(* Let $N\ge4$ be even. Then: (i) for every $k$ with $1\le k\le N/2-1$, $\mathrm{scale}_N[k]\cdot\mathrm{scale}_N[N/2-k]=\mathrm{GenScale}[N]$ (i.e. the list of scales equals the reversed list of $\mathrm{GenScale}[N]$ divided by the scales), and the $\mathbb{Q}$-span of the scales $\{\mathrm{scale}_N[k]:1\le k\le N/2-1\}$ has dimension at most $N/4$; (ii) if $N\equiv 2\pmod 4$, the dimension of that $\mathbb{Q}$-span is at most $\lfloor N/4\rfloor$, and the even-indexed and odd-indexed scales determine each other via $\mathrm{scale}_N[2m]=\mathrm{GenScale}[N]/\mathrm{scale}_N[N/2-2m]$ (with $N/2-2m$ odd); (iii) if $4\mid N$, then $\mathrm{scale}_N[N/4]=\sqrt{\mathrm{GenScale}[N]}$, and the scales with indices $k>N/4$ are obtained from those with $k<N/4$ as $\mathrm{GenScale}[N]/\mathrm{scale}_N[k]$; (iv) if $N\ge6$, then $\mathrm{ScaleSwap}[N,N/2]=\mathrm{scale}_N[2]$ and for every $k$ with $1\le k<N/4$, $\mathrm{scale}_{N/2}[k]=\mathrm{scale}_N[2k]/\mathrm{ScaleSwap}[N,N/2]$.
   Context: For an integer $n\ge3$ and $1\le k<n/2$, $\mathrm{scale}_n[k]=\tan(\pi/n)/\tan(k\pi/n)$. $\langle n/2\rangle$ is the greatest integer strictly less than $n/2$ and $\mathrm{GenScale}[n]=\mathrm{scale}_n[\langle n/2\rangle]$ (so for $n$ even, $\mathrm{GenScale}[n]=\mathrm{scale}_n[n/2-1]$). $\mathrm{ScaleSwap}[n,m]=\tan(\pi/n)/\tan(\pi/m)$. *)

theory Defs
  imports Complex_Main
begin

definition scale :: "nat \<Rightarrow> nat \<Rightarrow> real" where
  "scale n k = tan (pi / real n) / tan (real k * pi / real n)"

text \<open>greatest integer strictly less than n/2 is (n-1) div 2 (for n \<ge> 1)\<close>
definition GenScale :: "nat \<Rightarrow> real" where
  "GenScale n = scale n ((n - 1) div 2)"

definition ScaleSwap :: "nat \<Rightarrow> nat \<Rightarrow> real" where
  "ScaleSwap n m = tan (pi / real n) / tan (pi / real m)"

definition qscale :: "rat \<Rightarrow> real \<Rightarrow> real" where
  "qscale q x = real_of_rat q * x"

definition qdim :: "real set \<Rightarrow> nat" where
  "qdim S = Vector_Spaces.vector_space.dim qscale S"

end

theory Submission
  imports Defs
begin
(* For each $n$, the map sending a UEC-representative $\mathcal{U}$ on vertex set $[n]$ to its DAG-reduction $\mathcal{D}^\mathcal{U}$ is injective; hence it is a bijection between the set of UEC-representatives on $[n]$ and the set of their DAG-reductions.
   Context: A UEC-representative on $[n]$ is an undirected graph equal to the unconditional dependence graph $\mathcal{U}^\mathcal{D}$ of some DAG $\mathcal{D}$ on $[n]$ ($\mathcal{U}^\mathcal{D}$ joins distinct $v,w$ iff there is a trek, i.e. a collider-free path without repeated vertices, between them). $\mathtt{init\_CPDAG}(\mathcal{U})$ is obtained from $\mathcal{U}$ by orienting, for every induced path $v-v'-v''$, its edges as $v\to v'\leftarrow v''$, then removing edges that received both orientations, directing edges that received one, and leaving the rest undirected. For $\mathcal{G}=\mathtt{init\_CPDAG}(\mathcal{U})$ and a vertex $v$, the chain component $\mathrm{cc}_\mathcal{G}(v)$ is the set of vertices joined to $v$ by a path of undirected edges (including $v$). The DAG-reduction $\mathcal{D}^\mathcal{U}$ has as vertices the chain components of $\mathcal{G}$ (subsets of $[n]$) and an edge $\mathbf{v}\to\mathbf{w}$ iff some $v\in\mathbf{v}$, $w\in\mathbf{w}$ satisfy $v\to w$ in $\mathcal{G}$. *)

theory Defs
  imports Main
begin

text \<open>A directed graph is a relation (set of ordered
pairs (v,w) meaning v -> w). An undirected graph is a symmetric irreflexive
relation (both (v,w) and (w,v) present for an edge v - w).\<close>

definition vset :: "nat \<Rightarrow> nat set" where
  "vset n = {1..n}"

definition is_dag :: "nat \<Rightarrow> (nat \<times> nat) set \<Rightarrow> bool" where
  "is_dag n D \<longleftrightarrow> D \<subseteq> vset n \<times> vset n \<and> acyclic D"

definition is_trek :: "(nat \<times> nat) set \<Rightarrow> nat list \<Rightarrow> nat \<Rightarrow> nat \<Rightarrow> bool" where
  "is_trek D p v w \<longleftrightarrow>
     p \<noteq> [] \<and> hd p = v \<and> last p = w \<and> distinct p \<and>
     (\<forall>i. Suc i < length p \<longrightarrow> (p!i, p!Suc i) \<in> D \<or> (p!Suc i, p!i) \<in> D) \<and>
     (\<forall>i. Suc (Suc i) < length p \<longrightarrow>
        \<not> ((p!i, p!Suc i) \<in> D \<and> (p!Suc (Suc i), p!Suc i) \<in> D))"
lemma partial_subdivision_collapse_barycentre:
  fixes K :: "'v::finite set set"
  assumes K: "simplicial_complex K" and D: "upward_closed K D" and "s \<in> K" "s \<notin> D"
  shows "elementary_collapse\<^sup>*\<^sup>* (partial_subdivision K D (insert s D)) (partial_subdivision K D D)"
proof -
  let ?J = "partial_subdivision K D (insert s D)"
  obtain u where "u \<in> s"
    using simplicial_complexD(3)[OF K \<open>s \<in> K\<close>] by blast
  have "insert (Inl u) \<tau> \<in> ?J" if \<tau>: "\<tau> \<in> ?J" "{Inr s} \<subseteq> \<tau>" for \<tau>
  proof -
    have "s \<in> barycentres \<tau>"
      using \<tau>(2) unfolding barycentres_def by simp
    then have old_sub: "old_vertices \<tau> \<subseteq> s"
      by (rule partial_subdivisionD(5)[OF \<tau>(1)])
    then have new_sub: "insert u (old_vertices \<tau>) \<subseteq> s"
      using \<open>u \<in> s\<close> by simp
    have "insert u (old_vertices \<tau>) \<in> K"
      using simplicial_complexD(4)[OF K \<open>s \<in> K\<close> new_sub] by simp
    moreover have "insert u (old_vertices \<tau>) \<notin> D"
      using upward_closedD[OF D _ \<open>s \<in> K\<close> new_sub] \<open>s \<notin> D\<close> by blast
    moreover have below: "s \<subseteq> F" if F: "F \<in> barycentres \<tau>" for F
    proof -
      have "F \<subseteq> s \<or> s \<subseteq> F"
        using partial_subdivisionD(3)[OF \<tau>(1) F \<open>s \<in> barycentres \<tau>\<close>] .
      moreover have "F \<in> insert s D"
        using partial_subdivisionD(2)[OF \<tau>(1)] F by blast
      ultimately show ?thesis
        using upward_closedD[OF D _ \<open>s \<in> K\<close>] \<open>s \<notin> D\<close> by blast
    qed
    ultimately show ?thesis
      using partial_subdivisionD(2,3)[OF \<tau>(1)] old_sub \<open>u \<in> s\<close>
      by (intro partial_subdivisionI) (auto dest!: below)
  qed
  then have "elementary_collapse\<^sup>*\<^sup>* ?J {\<tau>\<in>?J. \<not> {Inr s} \<subseteq> \<tau>}"
    by (intro collapses_cone_star simplicial_complex_partial_subdivision[OF K D]) auto
  then show ?thesis
    unfolding partial_subdivision_delete_barycentre[OF \<open>s \<notin> D\<close>] .
qed
lemma parallel_redrawing_is_dilation_field:
  assumes inj: "inj (($) q)" and triangle: "\<not> collinear {q$a, q$b, q$c}"
    and A: "A \<in> parallel_redrawings q"
  shows "A \<in> range (dilation_field q)"
proof -
  have "q$a \<noteq> q$b" using triangle by auto
  then obtain t where t: "A$b - A$a = t *\<^sub>R (q$b - q$a)"
    using cross2_eq_0_imp_parallel[of "A$b - A$a" "q$b - q$a"] A
    by (auto simp: parallel_redrawings_def)
  define B where "B = A - dilation_field q (A$a - t *\<^sub>R q$a, - t)"
  have B: "B \<in> parallel_redrawings q"
    unfolding B_def using A dilation_field_in_parallel_redrawings
    by (intro subspace_diff subspace_parallel_redrawings)
  have Ba: "B$a = 0" and Bb: "B$b = 0"
    using t by (simp_all add: B_def dilation_field_def algebra_simps)
  have Bc: "B$c = 0" using parallel_redrawing_vanishes[OF B Ba Bb triangle] .
  have "B$k = 0" for k
  proof (cases "k = a \<or> \<not> collinear {q$a, q$b, q$k}")
    case True
    then show ?thesis using Ba parallel_redrawing_vanishes[OF B Ba Bb] by blast
  next
    case False
    then have "q$a \<noteq> q$k" "collinear {q$b, q$a, q$k}"
      using inj by (auto simp: inj_eq insert_commute)
    then have "\<not> collinear {q$a, q$c, q$k}"
      using triangle collinear_3_trans[of "q$b" "q$a" "q$k" "q$c"] by (auto simp: insert_commute)
    then show ?thesis using parallel_redrawing_vanishes[OF B Ba Bc] by blast
  qed
  then have "A = dilation_field q (A$a - t *\<^sub>R q$a, - t)"
    by (simp add: B_def vec_eq_iff)
  then show ?thesis by blast
qed

definition line_field :: "real^2 \<Rightarrow> real \<times> (real^'n::finite) \<Rightarrow> (real^2)^'n" where
  "line_field d p = (\<chi> k. snd p $ k *\<^sub>R d + fst p *\<^sub>R rot90 d)"

lemma linear_line_field: "linear (line_field d)"
  by (rule linearI) (simp_all add: line_field_def vec_eq_iff algebra_simps)

lemma inj_line_field:
  assumes "d \<noteq> 0"
  shows "inj (line_field d)"
proof (rule linear_injective_0[OF linear_line_field, THEN iffD2], intro allI impI)
  fix p assume "line_field d p = 0"
  then have "snd p $ k *\<^sub>R d + fst p *\<^sub>R rot90 d = 0" for k
    by (simp add: line_field_def vec_eq_iff)
  then have "snd p $ k = 0" "fst p = 0" for k
    using rot90_combination_eq_0[OF assms] by blast+
  then show "p = 0" by (simp add: prod_eq_iff vec_eq_iff)
qed

lemma parallel_redrawings_on_line:
  fixes q :: "(real^2)^'n::finite"
  assumes inj: "inj (($) q)" and "d \<noteq> 0" and on_line: "\<And>k. \<exists>t. q$k - q$a = t *\<^sub>R d"
  shows "parallel_redrawings q = range (line_field d)"
proof (intro equalityI subsetI)
  fix A assume A: "A \<in> parallel_redrawings q"
  have same_normal: "cross2 d (A$k) = cross2 d (A$a)" for k
  proof (cases "k = a")
    case False
    obtain t where t: "q$k - q$a = t *\<^sub>R d" using on_line by blast
    have "t \<noteq> 0" using t inj False by (auto simp: inj_eq)
    moreover have "cross2 (A$k - A$a) (t *\<^sub>R d) = 0"
      using A unfolding t[symmetric] by (simp add: parallel_redrawings_def)
    moreover have "cross2 (A$k - A$a) (t *\<^sub>R d) = t * (cross2 d (A$a) - cross2 d (A$k))"
      by (simp add: cross2_def algebra_simps)
    ultimately show ?thesis by simp
  qed simp
  have "A$k = ((A$k \<bullet> d) / (d \<bullet> d)) *\<^sub>R d + (cross2 d (A$a) / (d \<bullet> d)) *\<^sub>R rot90 d" for k
    using vec2_decompose[OF \<open>d \<noteq> 0\<close>, of "A$k"] unfolding same_normal[of k] .
  then have "A = line_field d (cross2 d (A$a) / (d \<bullet> d), \<chi> k. (A$k \<bullet> d) / (d \<bullet> d))"
    by (subst vec_eq_iff) (simp add: line_field_def)
  then show "A \<in> range (line_field d)" by blast
next
  fix A :: "(real^2)^'n" assume "A \<in> range (line_field d)"
  then obtain p where p: "A = line_field d p" by blast
  obtain t where t: "q$k - q$a = t k *\<^sub>R d" for k using on_line by metis
  have "cross2 (A$i - A$j) (q$i - q$j) = 0" for i j
  proof -
    have "A$i - A$j = (snd p $ i - snd p $ j) *\<^sub>R d"
      by (simp add: p line_field_def algebra_simps)
    moreover have "q$i - q$j = (t i - t j) *\<^sub>R d"
      using t[of i] t[of j] by (simp add: algebra_simps)
    ultimately show ?thesis by (simp add: cross2_def)
  qed
  then show "A \<in> parallel_redrawings q" by (simp add: parallel_redrawings_def)
qed
lemma Re_divide_diff_pos:
  fixes v b :: complex
  assumes "v \<noteq> 0" "inner v b \<le> 0"
  shows "Re (v / (v - b)) > 0"
proof -
  have "v - b \<noteq> 0"
    using assms by (metis eq_iff_diff_eq_0 inner_gt_zero_iff not_le)
  moreover have "inner v (v - b) > 0"
    using assms by (simp add: inner_diff_right) (metis inner_gt_zero_iff order_le_less_trans)
  ultimately show ?thesis
    by (simp add: Re_divide_eq_inner)
qed

lemma Re_divide_diff_gt:
  fixes v b :: complex
  assumes "norm v = r" "r < D" "norm b \<le> D" "inner v b < 0"
  shows "Re (v / (v - b)) > r\<^sup>2 / (r\<^sup>2 + D\<^sup>2)"
proof -
  define t where "t = inner v b"
  have "v - b \<noteq> 0"
    using assms(4) by (metis eq_iff_diff_eq_0 inner_ge_zero not_le)
  have "r \<ge> 0"
    using assms(1) by auto
  have N: "(norm (v - b))\<^sup>2 \<le> r\<^sup>2 - 2 * t + D\<^sup>2"
  proof -
    have "(norm (v - b))\<^sup>2 = r\<^sup>2 - 2 * t + (norm b)\<^sup>2"
      using dot_norm_neg[of v b] assms(1) unfolding t_def by simp
    moreover have "(norm b)\<^sup>2 \<le> D\<^sup>2"
      using assms(3) by (simp add: power_mono)
    ultimately show ?thesis
      by linarith
  qed
  have "r\<^sup>2 * (norm (v - b))\<^sup>2 < (r\<^sup>2 - t) * (r\<^sup>2 + D\<^sup>2)"
  proof -
    have "r\<^sup>2 * (norm (v - b))\<^sup>2 \<le> r\<^sup>2 * (r\<^sup>2 - 2 * t + D\<^sup>2)"
      using N by (simp add: mult_left_mono)
    moreover have "r\<^sup>2 < D\<^sup>2"
      using \<open>r \<ge> 0\<close> assms(2) by (simp add: power_strict_mono)
    then have "0 < t * (r\<^sup>2 - D\<^sup>2)"
      using assms(4) by (simp add: t_def mult_neg_neg)
    ultimately show ?thesis
      by (simp add: algebra_simps)
  qed
  moreover have "inner v (v - b) = r\<^sup>2 - t"
    using assms(1) by (simp add: t_def inner_diff_right power2_norm_eq_inner[symmetric])
  moreover have "r\<^sup>2 + D\<^sup>2 > 0"
    using \<open>r \<ge> 0\<close> assms(2) by (simp add: add_nonneg_pos)
  ultimately show ?thesis
    using \<open>v - b \<noteq> 0\<close> by (simp add: Re_divide_eq_inner divide_less_eq less_divide_eq frac_less_eq)
qed

lemma poly_pderiv_prod_nonzero_outside_convex:
  fixes S :: "complex set" and a :: "'i \<Rightarrow> complex"
  assumes "convex S" "closed S" "finite A" "A \<noteq> {}" "\<forall>i\<in>A. a i \<in> S" "z \<notin> S"
  shows "poly (pderiv (\<Prod>i\<in>A. [:- a i, 1:])) z \<noteq> 0"
proof -
  define w where "w = closest_point S z"
  have "S \<noteq> {}"
    using assms(4,5) by blast
  then have w: "w \<in> S" "\<forall>y\<in>S. dist z w \<le> dist z y"
    using closest_point_exists[OF assms(2)] by (auto simp: w_def)
  have "z - w \<noteq> 0"
    using w(1) assms(6) by auto
  have "z \<noteq> a i" if "i \<in> A" for i
    using that assms(5,6) by auto
  have "Re ((z - w) / (z - a i)) > 0" if "i \<in> A" for i
  proof -
    have "inner (z - w) (a i - w) \<le> 0"
      using that assms(5) by (intro any_closest_point_dot[OF assms(1,2) w(1) _ w(2)]) auto
    then show ?thesis
      using Re_divide_diff_pos[OF \<open>z - w \<noteq> 0\<close>] by fastforce
  qed
  then have "Re ((z - w) * (\<Sum>i\<in>A. 1 / (z - a i))) > 0"
    using assms(3,4) by (simp add: sum_distrib_left sum_pos)
  then have "(\<Sum>i\<in>A. 1 / (z - a i)) \<noteq> 0"
    by (metis less_irrefl mult_zero_right zero_complex.sel(1))
  then show ?thesis
    using \<open>\<And>i. i \<in> A \<Longrightarrow> z \<noteq> a i\<close> assms(3) by (simp add: poly_pderiv_prod_linear)
qed
(* Let $G=(V,E)$ be a graph and $k$ a nonnegative integer. Then $G$ has a dominating set of size $k$ if and only if it is possible to turn $G$ into a constellation (with vertex set $V$) by deleting $|E|-|V|+k$ edges.
   Context: All graphs are finite, simple and undirected. A dominating set of $G$ is a set $D\subseteq V$ such that every vertex of $V\setminus D$ is adjacent to some vertex of $D$. A star is a complete bipartite graph $K_{1,n}$ for some $n\ge 0$ (so a single vertex is a star). A constellation is a forest in which every connected component is a star. *)

theory Defs
  imports Main
begin

definition simple_graph :: "'a set \<Rightarrow> 'a set set \<Rightarrow> bool" where
  "simple_graph V E \<longleftrightarrow> finite V \<and> (\<forall>e\<in>E. \<exists>u v. u \<in> V \<and> v \<in> V \<and> u \<noteq> v \<and> e = {u, v})"

definition dominating_set :: "'a set \<Rightarrow> 'a set set \<Rightarrow> 'a set \<Rightarrow> bool" where
  "dominating_set V E D \<longleftrightarrow> D \<subseteq> V \<and> (\<forall>v \<in> V - D. \<exists>d \<in> D. {v, d} \<in> E)"

definition adj_rel :: "'a set set \<Rightarrow> ('a \<times> 'a) set" where
  "adj_rel E = {(x, y). {x, y} \<in> E}"
(* Let $S\subseteq\mathbb{M}^\Sigma$ be a masked semilinear set. Then there exists a deterministic automaton $\mathcal{A}$ over $\Sigma$ such that $\Psi(\mathfrak{J}(\mathcal{A}))=S$.
   Context: An automaton is $\mathcal{A}=\langle\Sigma,Q,\delta,Q_0,\alpha\rangle$ with B\"uchi acceptance (a run is accepting if it visits $\alpha$ infinitely often); it is deterministic if $|Q_0|=1$ and $|\delta(q,\sigma)|=1$ for all $q,\sigma$. For $w\in\Sigma^\omega$, $\Psi(w)\in\mathbb{N}_\infty^\Sigma$ gives for each letter its number of occurrences (or $\infty$); $w\sim w'$ iff $\Psi(w)=\Psi(w')$; $\mathfrak{J}(\mathcal{A})=\{w\in\Sigma^\omega:\exists w'\sim w,\ w'\in\mathfrak{L}(\mathcal{A})\}$. $\mathbb{M}^\Sigma=\mathbb{N}_\infty^\Sigma\setminus\mathbb{N}^\Sigma$. A mask is $\mathfrak{m}\in\{0,\infty\}^\Sigma\setminus\{\vec 0\}$; $\vec x\oplus\mathfrak{m}$ has coordinate $\vec x(\sigma)$ where $\mathfrak{m}(\sigma)=0$ and $\infty$ elsewhere. A masked semilinear set is $\bigcup_{\mathfrak{m}}\{\vec x\oplus\mathfrak{m}:\vec x\in S_\mathfrak{m}\}$ over all masks, with each $S_\mathfrak{m}\subseteq\mathbb{N}^\Sigma$ semilinear (possibly empty). *)

theory Defs
  imports Main "HOL-Library.Extended_Nat"
begin

record 'a nba =
  states :: "nat set"
  trans  :: "nat \<Rightarrow> 'a \<Rightarrow> nat set"
  init   :: "nat set"
  accept :: "nat set"

definition wf_nba :: "'a nba \<Rightarrow> bool" where
  "wf_nba A \<longleftrightarrow> finite (states A) \<and> init A \<subseteq> states A \<and> accept A \<subseteq> states A
     \<and> (\<forall>q\<in>states A. \<forall>s. trans A q s \<subseteq> states A)"

definition deterministic :: "'a nba \<Rightarrow> bool" where
  "deterministic A \<longleftrightarrow> card (init A) = 1 \<and> (\<forall>q\<in>states A. \<forall>s. card (trans A q s) = 1)"

definition is_run :: "'a nba \<Rightarrow> (nat \<Rightarrow> 'a) \<Rightarrow> (nat \<Rightarrow> nat) \<Rightarrow> bool" where
  "is_run A w r \<longleftrightarrow> r 0 \<in> init A \<and> (\<forall>i. r (Suc i) \<in> trans A (r i) (w i))"

definition accepting_run :: "'a nba \<Rightarrow> (nat \<Rightarrow> nat) \<Rightarrow> bool" where
  "accepting_run A r \<longleftrightarrow> (\<exists>\<^sub>\<infinity> i. r i \<in> accept A)"

definition lang :: "'a nba \<Rightarrow> (nat \<Rightarrow> 'a) set" where
  "lang A = {w. \<exists>r. is_run A w r \<and> accepting_run A r}"

definition parikh :: "(nat \<Rightarrow> 'a) \<Rightarrow> 'a \<Rightarrow> enat" where
  "parikh w s = (if finite {i. w i = s} then enat (card {i. w i = s}) else \<infinity>)"

definition Jclos :: "'a nba \<Rightarrow> (nat \<Rightarrow> 'a) set" where
  "Jclos A = {w. \<exists>w'. parikh w' = parikh w \<and> w' \<in> lang A}"

definition linear_set :: "('a \<Rightarrow> nat) set \<Rightarrow> bool" where
  "linear_set L \<longleftrightarrow> (\<exists>b (P :: ('a \<Rightarrow> nat) list).
      L = {x. \<exists>c :: nat \<Rightarrow> nat. x = (\<lambda>s. b s + (\<Sum>i<length P. c i * (P ! i) s))})"

definition semilinear :: "('a \<Rightarrow> nat) set \<Rightarrow> bool" where
  "semilinear S \<longleftrightarrow> (\<exists>F. finite F \<and> (\<forall>L\<in>F. linear_set L) \<and> S = \<Union>F)"

definition is_mask :: "('a \<Rightarrow> enat) \<Rightarrow> bool" where
  "is_mask m \<longleftrightarrow> (\<forall>s. m s = 0 \<or> m s = \<infinity>) \<and> m \<noteq> (\<lambda>_. 0)"

definition mask_add :: "('a \<Rightarrow> nat) \<Rightarrow> ('a \<Rightarrow> enat) \<Rightarrow> ('a \<Rightarrow> enat)" where
  "mask_add x m = (\<lambda>s. if m s = 0 then enat (x s) else \<infinity>)"

definition masked_semilinear :: "('a \<Rightarrow> enat) set \<Rightarrow> bool" where
  "masked_semilinear S \<longleftrightarrow> (\<exists>Sm :: ('a \<Rightarrow> enat) \<Rightarrow> ('a \<Rightarrow> nat) set.
      (\<forall>m. is_mask m \<longrightarrow> semilinear (Sm m)) \<and>
      S = (\<Union>m\<in>{m. is_mask m}. (\<lambda>x. mask_add x m) ` Sm m))"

===

— YOUR ASSIGNMENT —
Output only an exact transcription of the lines above from the one with "by (subst vec_eq_iff)" up to and including the one with "using dot_norm_neg[of v".

— OUTPUT FOR THIS EXERCISE —
    by (subst vec_eq_iff) (simp add: line_field_def)
  then show "A \<in> range (line_field d)" by blast
next
  fix A :: "(real^2)^'n" assume "A \<in> range (line_field d)"
  then obtain p where p: "A = line_field d p" by blast
  obtain t where t: "q$k - q$a = t k *\<^sub>R d" for k using on_line by metis
  have "cross2 (A$i - A$j) (q$i - q$j) = 0" for i j
  proof -
    have "A$i - A$j = (snd p $ i - snd p $ j) *\<^sub>R d"
      by (simp add: p line_field_def algebra_simps)
    moreover have "q$i - q$j = (t i - t j) *\<^sub>R d"
      using t[of i] t[of j] by (simp add: algebra_simps)
    ultimately show ?thesis by (simp add: cross2_def)
  qed
  then show "A \<in> parallel_redrawings q" by (simp add: parallel_redrawings_def)
qed
lemma Re_divide_diff_pos:
  fixes v b :: complex
  assumes "v \<noteq> 0" "inner v b \<le> 0"
  shows "Re (v / (v - b)) > 0"
proof -
  have "v - b \<noteq> 0"
    using assms by (metis eq_iff_diff_eq_0 inner_gt_zero_iff not_le)
  moreover have "inner v (v - b) > 0"
    using assms by (simp add: inner_diff_right) (metis inner_gt_zero_iff order_le_less_trans)
  ultimately show ?thesis
    by (simp add: Re_divide_eq_inner)
qed

lemma Re_divide_diff_gt:
  fixes v b :: complex
  assumes "norm v = r" "r < D" "norm b \<le> D" "inner v b < 0"
  shows "Re (v / (v - b)) > r\<^sup>2 / (r\<^sup>2 + D\<^sup>2)"
proof -
  define t where "t = inner v b"
  have "v - b \<noteq> 0"
    using assms(4) by (metis eq_iff_diff_eq_0 inner_ge_zero not_le)
  have "r \<ge> 0"
    using assms(1) by auto
  have N: "(norm (v - b))\<^sup>2 \<le> r\<^sup>2 - 2 * t + D\<^sup>2"
  proof -
    have "(norm (v - b))\<^sup>2 = r\<^sup>2 - 2 * t + (norm b)\<^sup>2"
      using dot_norm_neg[of v b] assms(1) unfolding t_def by simp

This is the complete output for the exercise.